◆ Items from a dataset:
>>
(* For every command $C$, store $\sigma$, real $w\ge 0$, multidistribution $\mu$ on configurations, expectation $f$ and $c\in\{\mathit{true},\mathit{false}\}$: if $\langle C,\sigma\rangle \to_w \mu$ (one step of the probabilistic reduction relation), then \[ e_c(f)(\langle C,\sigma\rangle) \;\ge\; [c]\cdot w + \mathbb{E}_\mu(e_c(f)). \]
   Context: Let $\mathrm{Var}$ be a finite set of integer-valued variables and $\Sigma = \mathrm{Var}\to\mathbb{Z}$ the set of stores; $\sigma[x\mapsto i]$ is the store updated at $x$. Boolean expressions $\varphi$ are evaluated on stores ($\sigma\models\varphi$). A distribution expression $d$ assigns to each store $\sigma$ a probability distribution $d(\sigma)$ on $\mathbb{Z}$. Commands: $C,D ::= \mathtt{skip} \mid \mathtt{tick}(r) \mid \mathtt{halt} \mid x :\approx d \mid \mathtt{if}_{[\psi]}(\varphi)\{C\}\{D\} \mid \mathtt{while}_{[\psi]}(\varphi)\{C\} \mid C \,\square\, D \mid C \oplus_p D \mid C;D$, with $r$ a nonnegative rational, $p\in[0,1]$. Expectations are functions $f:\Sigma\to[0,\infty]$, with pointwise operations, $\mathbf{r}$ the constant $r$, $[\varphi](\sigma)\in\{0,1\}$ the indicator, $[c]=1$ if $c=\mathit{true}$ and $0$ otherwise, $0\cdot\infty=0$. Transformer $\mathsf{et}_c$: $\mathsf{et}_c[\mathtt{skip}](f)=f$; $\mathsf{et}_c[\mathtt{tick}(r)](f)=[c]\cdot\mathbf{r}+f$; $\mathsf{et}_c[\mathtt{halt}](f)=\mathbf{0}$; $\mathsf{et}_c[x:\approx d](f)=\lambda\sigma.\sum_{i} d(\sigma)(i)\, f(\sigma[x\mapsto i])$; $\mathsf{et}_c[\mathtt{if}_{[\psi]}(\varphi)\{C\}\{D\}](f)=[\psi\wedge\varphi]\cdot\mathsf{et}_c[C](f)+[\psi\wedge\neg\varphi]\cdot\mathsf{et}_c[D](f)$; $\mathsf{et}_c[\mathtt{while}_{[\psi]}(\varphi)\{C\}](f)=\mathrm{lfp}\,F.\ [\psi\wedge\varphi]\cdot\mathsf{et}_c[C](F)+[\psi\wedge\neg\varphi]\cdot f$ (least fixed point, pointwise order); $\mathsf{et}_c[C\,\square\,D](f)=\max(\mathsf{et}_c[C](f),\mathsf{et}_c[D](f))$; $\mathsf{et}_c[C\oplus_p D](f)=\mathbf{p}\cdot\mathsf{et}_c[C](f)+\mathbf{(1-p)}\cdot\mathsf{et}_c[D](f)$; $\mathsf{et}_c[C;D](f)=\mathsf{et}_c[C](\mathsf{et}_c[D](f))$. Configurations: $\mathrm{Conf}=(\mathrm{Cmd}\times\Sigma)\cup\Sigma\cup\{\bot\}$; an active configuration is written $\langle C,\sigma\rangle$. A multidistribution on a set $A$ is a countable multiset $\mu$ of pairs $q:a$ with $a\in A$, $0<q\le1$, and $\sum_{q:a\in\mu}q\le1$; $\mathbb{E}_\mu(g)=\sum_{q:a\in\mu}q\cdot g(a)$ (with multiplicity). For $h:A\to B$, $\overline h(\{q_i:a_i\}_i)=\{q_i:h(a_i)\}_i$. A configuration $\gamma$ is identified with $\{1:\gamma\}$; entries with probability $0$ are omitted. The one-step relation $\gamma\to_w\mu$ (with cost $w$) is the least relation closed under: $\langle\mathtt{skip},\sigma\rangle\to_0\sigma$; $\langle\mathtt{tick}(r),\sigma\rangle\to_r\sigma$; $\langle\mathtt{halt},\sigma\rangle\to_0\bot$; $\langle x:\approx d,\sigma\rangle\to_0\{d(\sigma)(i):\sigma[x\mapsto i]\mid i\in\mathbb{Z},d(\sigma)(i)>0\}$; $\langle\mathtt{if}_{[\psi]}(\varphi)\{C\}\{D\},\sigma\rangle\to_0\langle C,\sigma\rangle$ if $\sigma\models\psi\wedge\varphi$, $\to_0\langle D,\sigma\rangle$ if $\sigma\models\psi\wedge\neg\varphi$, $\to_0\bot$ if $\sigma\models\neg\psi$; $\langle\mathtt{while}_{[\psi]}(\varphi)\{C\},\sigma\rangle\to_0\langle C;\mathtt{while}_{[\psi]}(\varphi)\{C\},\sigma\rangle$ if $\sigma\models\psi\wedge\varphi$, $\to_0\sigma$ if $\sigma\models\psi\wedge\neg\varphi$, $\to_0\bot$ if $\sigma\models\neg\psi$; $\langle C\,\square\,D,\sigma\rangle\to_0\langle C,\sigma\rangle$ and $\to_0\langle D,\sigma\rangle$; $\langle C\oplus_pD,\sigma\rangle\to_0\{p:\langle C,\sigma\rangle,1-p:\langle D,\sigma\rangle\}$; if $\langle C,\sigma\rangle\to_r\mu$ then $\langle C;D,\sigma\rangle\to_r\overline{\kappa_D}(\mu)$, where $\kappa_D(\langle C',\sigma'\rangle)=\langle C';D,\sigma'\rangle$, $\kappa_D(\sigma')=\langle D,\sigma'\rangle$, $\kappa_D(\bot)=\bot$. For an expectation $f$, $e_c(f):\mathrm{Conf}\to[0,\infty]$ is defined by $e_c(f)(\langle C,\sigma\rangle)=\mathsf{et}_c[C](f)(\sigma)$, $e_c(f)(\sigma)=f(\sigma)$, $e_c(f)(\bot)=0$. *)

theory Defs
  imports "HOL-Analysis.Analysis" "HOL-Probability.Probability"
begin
<<
>>
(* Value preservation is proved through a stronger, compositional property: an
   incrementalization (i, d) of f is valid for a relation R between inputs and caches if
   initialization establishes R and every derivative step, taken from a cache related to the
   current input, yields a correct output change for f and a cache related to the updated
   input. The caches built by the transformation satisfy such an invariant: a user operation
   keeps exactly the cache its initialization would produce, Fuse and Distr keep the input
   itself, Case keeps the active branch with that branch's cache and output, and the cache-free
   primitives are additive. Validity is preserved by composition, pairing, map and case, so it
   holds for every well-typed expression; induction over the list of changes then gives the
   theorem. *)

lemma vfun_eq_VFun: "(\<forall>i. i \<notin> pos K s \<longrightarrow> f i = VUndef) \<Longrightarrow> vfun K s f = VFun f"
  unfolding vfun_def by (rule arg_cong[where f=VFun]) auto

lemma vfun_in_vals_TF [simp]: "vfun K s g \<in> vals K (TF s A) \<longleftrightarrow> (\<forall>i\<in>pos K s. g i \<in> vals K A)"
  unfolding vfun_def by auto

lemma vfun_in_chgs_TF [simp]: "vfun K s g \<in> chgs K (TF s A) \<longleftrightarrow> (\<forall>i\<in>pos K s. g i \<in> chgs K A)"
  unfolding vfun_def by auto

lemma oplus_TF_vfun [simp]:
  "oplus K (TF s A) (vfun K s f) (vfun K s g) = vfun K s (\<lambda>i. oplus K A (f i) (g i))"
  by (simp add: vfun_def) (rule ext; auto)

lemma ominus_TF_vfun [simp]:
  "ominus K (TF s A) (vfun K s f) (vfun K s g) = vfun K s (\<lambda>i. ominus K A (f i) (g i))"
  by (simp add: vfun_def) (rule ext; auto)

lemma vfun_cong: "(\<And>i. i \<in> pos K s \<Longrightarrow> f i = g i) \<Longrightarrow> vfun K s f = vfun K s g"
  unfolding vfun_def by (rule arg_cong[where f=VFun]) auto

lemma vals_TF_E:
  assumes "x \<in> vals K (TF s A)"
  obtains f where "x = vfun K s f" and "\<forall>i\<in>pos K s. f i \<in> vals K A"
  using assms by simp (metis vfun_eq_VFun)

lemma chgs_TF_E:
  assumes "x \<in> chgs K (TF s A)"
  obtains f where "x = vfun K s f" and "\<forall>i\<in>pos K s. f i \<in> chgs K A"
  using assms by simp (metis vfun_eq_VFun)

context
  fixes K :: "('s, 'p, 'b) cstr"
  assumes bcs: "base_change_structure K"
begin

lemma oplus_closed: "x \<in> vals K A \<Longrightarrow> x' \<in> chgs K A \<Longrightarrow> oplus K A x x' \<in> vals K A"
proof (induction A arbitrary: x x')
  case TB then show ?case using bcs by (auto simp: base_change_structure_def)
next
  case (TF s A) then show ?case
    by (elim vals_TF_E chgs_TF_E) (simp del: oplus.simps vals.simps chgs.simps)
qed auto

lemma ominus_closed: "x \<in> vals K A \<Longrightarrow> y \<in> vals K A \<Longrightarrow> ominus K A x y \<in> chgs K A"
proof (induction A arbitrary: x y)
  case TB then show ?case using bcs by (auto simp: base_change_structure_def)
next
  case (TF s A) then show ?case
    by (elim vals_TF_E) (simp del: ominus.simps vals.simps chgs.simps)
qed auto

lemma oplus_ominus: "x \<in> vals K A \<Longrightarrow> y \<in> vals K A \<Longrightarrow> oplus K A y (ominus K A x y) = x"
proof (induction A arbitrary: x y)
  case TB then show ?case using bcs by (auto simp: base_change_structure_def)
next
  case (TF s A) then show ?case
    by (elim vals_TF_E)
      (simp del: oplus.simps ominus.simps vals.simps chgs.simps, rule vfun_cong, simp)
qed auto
<<
◆ WHAT IS EXPECTED:
When the string "Longrightarrow" appears in a line of the records above, that line is to be copied.

◆ ANSWER SPACE:
lemma vfun_eq_VFun: "(\<forall>i. i \<notin> pos K s \<longrightarrow> f i = VUndef) \<Longrightarrow> vfun K s f = VFun f"
lemma vfun_cong: "(\<And>i. i \<in> pos K s \<Longrightarrow> f i = g i) \<Longrightarrow> vfun K s f = vfun K s g"
lemma oplus_closed: "x \<in> vals K A \<Longrightarrow> x' \<in> chgs K A \<Longrightarrow> oplus K A x x' \<in> vals K A"
lemma ominus_closed: "x \<in> vals K A \<Longrightarrow> y \<in> vals K A \<Longrightarrow> ominus K A x y \<in> chgs K A"
lemma oplus_ominus: "x \<in> vals K A \<Longrightarrow> y \<in> vals K A \<Longrightarrow> oplus K A y (ominus K A x y) = x"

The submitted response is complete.